RECORDS TO USE =>
section \<open>Adjoint operators\<close>

lemma inner_funpow_adjoint:
  fixes T L :: "'a::real_inner \<Rightarrow> 'a"
  assumes "\<And>V W. V \<bullet> T W = L V \<bullet> W"
  shows "V \<bullet> (T ^^ n) W = (L ^^ n) V \<bullet> W"
proof (induction n arbitrary: V W)
  case (Suc n)
  have "V \<bullet> (T ^^ Suc n) W = (L ^^ n) V \<bullet> T W"
    by (simp add: funpow_Suc_right Suc del: funpow.simps)
  also have "\<dots> = (L ^^ Suc n) V \<bullet> W"
    by (simp add: assms)
  finally show ?case .
qed simp

lemma norm_blinfun_adjoint_le:
  fixes T L :: "'a::real_inner \<Rightarrow>\<^sub>L 'a"
  assumes adj: "\<And>V W. V \<bullet> T W = L V \<bullet> W"
  shows "norm L \<le> norm T"
proof (rule norm_blinfun_bound)
  fix V
  have "(norm (L V))\<^sup>2 = V \<bullet> T (L V)"
    by (simp add: adj power2_norm_eq_inner)
  also have "\<dots> \<le> norm V * (norm T * norm (L V))"
    by (metis norm_cauchy_schwarz norm_blinfun mult_left_mono norm_ge_zero order_trans)
  finally have "norm (L V) * norm (L V) \<le> (norm T * norm V) * norm (L V)"
    by (simp add: power2_eq_square ac_simps)
  then show "norm (L V) \<le> norm T * norm V"
    by (cases "norm (L V) = 0") (simp_all add: mult_le_cancel_right)
qed simp

lemma blinfun_power_adjoint_tendsto_zero:
  fixes T L :: "'a::real_inner \<Rightarrow>\<^sub>L 'a"
  assumes adj: "\<And>V W. V \<bullet> T W = L V \<bullet> W" and lim: "(blinfun_power T \<longlongrightarrow> 0) sequentially"
  shows "(blinfun_power L \<longlongrightarrow> 0) sequentially"
proof (rule Lim_null_comparison[OF always_eventually])
  show "\<forall>n. norm (blinfun_power L n) \<le> norm (blinfun_power T n)"
    using inner_funpow_adjoint[OF adj]
    by (intro allI norm_blinfun_adjoint_le) (simp add: blinfun_power_apply)
  show "((\<lambda>n. norm (blinfun_power T n)) \<longlongrightarrow> 0) sequentially"
    using lim by (simp add: tendsto_norm_zero_iff)
qed

lemma inner_neumann_adjoint:
  fixes T L :: "'a::{real_inner,banach} \<Rightarrow>\<^sub>L 'a"
  assumes adj: "\<And>V W. V \<bullet> T W = L V \<bullet> W" and lim: "(blinfun_power T \<longlongrightarrow> 0) sequentially"
  shows "M \<bullet> neumann T W = neumann L M \<bullet> W"
proof -
  note limL = blinfun_power_adjoint_tendsto_zero[OF adj lim]
  have "M \<bullet> neumann T W = (neumann L M - L (neumann L M)) \<bullet> neumann T W"
    by (simp only: neumann_right_inverse[OF limL])
  also have "\<dots> = neumann L M \<bullet> (neumann T W - T (neumann T W))"
    by (simp add: inner_diff_left inner_diff_right adj)
  also have "\<dots> = neumann L M \<bullet> W"
    by (simp only: neumann_right_inverse[OF lim])
  finally show ?thesis .
qed

section \<open>The second-moment operators\<close>

text \<open>Cross terms of \<open>Top\<close> and \<open>Lop\<close>, which appear when these are expanded at \<open>G - u H\<close>.\<close>
definition Top_pair :: "('s::finite \<Rightarrow> 's \<Rightarrow> real) \<Rightarrow> real^'d::finite^'d^'s \<Rightarrow> real^'d^'d^'s
    \<Rightarrow> real^'d^'d^'s \<Rightarrow> real^'d^'d^'s" where
  "Top_pair p G H W = (\<chi> j. \<Sum>i\<in>UNIV. p i j *\<^sub>R (G$i ** W$i ** transpose (H$i)))"

definition Lop_pair :: "('s::finite \<Rightarrow> 's \<Rightarrow> real) \<Rightarrow> real^'d::finite^'d^'s \<Rightarrow> real^'d^'d^'s
    \<Rightarrow> real^'d^'d^'s \<Rightarrow> real^'d^'d^'s" where
  "Lop_pair p G H V = (\<chi> i. transpose (G$i) ** (Eop p V)$i ** H$i)"

lemma Top_eq_Top_pair: "Top p G = Top_pair p G G"
  by (simp add: fun_eq_iff Top_def Top_pair_def)

lemma Lop_eq_Lop_pair: "Lop p G = Lop_pair p G G"
  by (simp add: fun_eq_iff Lop_def Lop_pair_def)

lemma bounded_linear_Top_pair: "bounded_linear (Top_pair p G H)"
  unfolding linear_conv_bounded_linear[symmetric]
  by (intro linearI) (simp_all add: vec_eq_iff Top_pair_def matrix_mult_simps scaleR_add_right
      sum.distrib scaleR_sum_right ac_simps)

lemma bounded_linear_Lop_pair: "bounded_linear (Lop_pair p G H)"
  unfolding linear_conv_bounded_linear[symmetric]
  by (intro linearI) (simp_all add: vec_eq_iff Lop_pair_def Eop_def matrix_mult_simps matrix_mult_sum
      scaleR_add_right sum.distrib scaleR_sum_right ac_simps)

lemma bounded_linear_Top: "bounded_linear (Top p G)"
  unfolding Top_eq_Top_pair by (rule bounded_linear_Top_pair)

lemma bounded_linear_Lop: "bounded_linear (Lop p G)"
  unfolding Lop_eq_Lop_pair by (rule bounded_linear_Lop_pair)

lemma inner_tuple: "(V::real^'n::finite^'m::finite^'s::finite) \<bullet> W = (\<Sum>i\<in>UNIV. V$i \<bullet> W$i)"
  by (rule inner_vec_def)

lemma inner_Top_pair: "V \<bullet> Top_pair p G H W = Lop_pair p G H V \<bullet> W"
proof -
  have "V \<bullet> Top_pair p G H W = (\<Sum>j\<in>UNIV. \<Sum>i\<in>UNIV. p i j * (V$j \<bullet> (G$i ** W$i ** transpose (H$i))))"
    by (simp add: Top_pair_def inner_tuple inner_sum_right)
  also have "\<dots> = (\<Sum>i\<in>UNIV. \<Sum>j\<in>UNIV. p i j * ((transpose (G$i) ** V$j ** H$i) \<bullet> W$i))"
    by (simp add: inner_congruence) (rule sum.swap)
  also have "\<dots> = Lop_pair p G H V \<bullet> W"
    by (simp add: Lop_pair_def Eop_def inner_tuple matrix_mult_sum matrix_mult_simps inner_sum_left)
  finally show ?thesis .
qed
(* Let $m=2^{l_m}$ with $l_m\ge 1$, let $(v_0,\dots,v_{m-1})$ be a Cantor basis of $\mathbb{F}_{2^m}$, and let $l$ be an integer with $0\le l<m/2$. Put $n=m\cdot 2^l$ and $$\Sigma := v_{l+m/2}+V_l=\{v_{l+m/2}+u : u\in V_l\},\qquad \Omega:=\Sigma\cup\phi_2(\Sigma)\cup\phi_2^{\circ 2}(\Sigma)\cup\cdots\cup\phi_2^{\circ(m-1)}(\Sigma).$$ Then $\mathrm{Ord}_{\phi_2}(\Sigma)=m$, the sets $\Sigma,\phi_2(\Sigma),\dots,\phi_2^{\circ(m-1)}(\Sigma)$ are pairwise disjoint (so $\Sigma$ is a Frobenius partition of $\Omega$), and $|\Omega|=n$.
   Context: A Cantor basis of $\mathbb{F}_{2^m}$ (for $m$ a power of $2$) is an $\mathbb{F}_2$-basis $(v_0,\dots,v_{m-1})$ of $\mathbb{F}_{2^m}$ with $v_0=1$ and $v_i^2+v_i=v_{i-1}$ for $0<i<m$. For $0\le i\le m$ let $V_0=\{0\}$ and $V_i=\mathrm{span}_{\mathbb{F}_2}\{v_0,\dots,v_{i-1}\}$. $\phi_2:\mathbb{F}_{2^m}\to\mathbb{F}_{2^m}$, $a\mapsto a^2$, is the Frobenius map; $\phi_2^{\circ j}$ denotes its $j$-fold iterate, and for a set $S$, $\phi_2(S)=\{\phi_2(s):s\in S\}$. For a set $S\subseteq\mathbb{F}_{2^m}$, $\mathrm{Ord}_{\phi_2}(S)$ is the least positive integer $j$ with $\phi_2^{\circ j}(S)=S$. Given $\mathrm{Ord}_{\phi_2}(\Sigma)=j$, $\Sigma$ is called a Frobenius partition of $\Omega$ if $\Omega=\Sigma\cup\phi_2(\Sigma)\cup\dots\cup\phi_2^{\circ(j-1)}(\Sigma)$ with these $j$ sets pairwise disjoint. *)

theory Defs
  imports Main
begin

TASK BRIEF =>
Extract exactly and only the lines above from the line containing "by (simp add: inner_congruence)" through the line containing "of $\Omega$), and $|\Omega|=n$.", both end lines included.

RESPONSE FOR THIS EXERCISE =>
    by (simp add: inner_congruence) (rule sum.swap)
  also have "\<dots> = Lop_pair p G H V \<bullet> W"
    by (simp add: Lop_pair_def Eop_def inner_tuple matrix_mult_sum matrix_mult_simps inner_sum_left)
  finally show ?thesis .
qed
(* Let $m=2^{l_m}$ with $l_m\ge 1$, let $(v_0,\dots,v_{m-1})$ be a Cantor basis of $\mathbb{F}_{2^m}$, and let $l$ be an integer with $0\le l<m/2$. Put $n=m\cdot 2^l$ and $$\Sigma := v_{l+m/2}+V_l=\{v_{l+m/2}+u : u\in V_l\},\qquad \Omega:=\Sigma\cup\phi_2(\Sigma)\cup\phi_2^{\circ 2}(\Sigma)\cup\cdots\cup\phi_2^{\circ(m-1)}(\Sigma).$$ Then $\mathrm{Ord}_{\phi_2}(\Sigma)=m$, the sets $\Sigma,\phi_2(\Sigma),\dots,\phi_2^{\circ(m-1)}(\Sigma)$ are pairwise disjoint (so $\Sigma$ is a Frobenius partition of $\Omega$), and $|\Omega|=n$.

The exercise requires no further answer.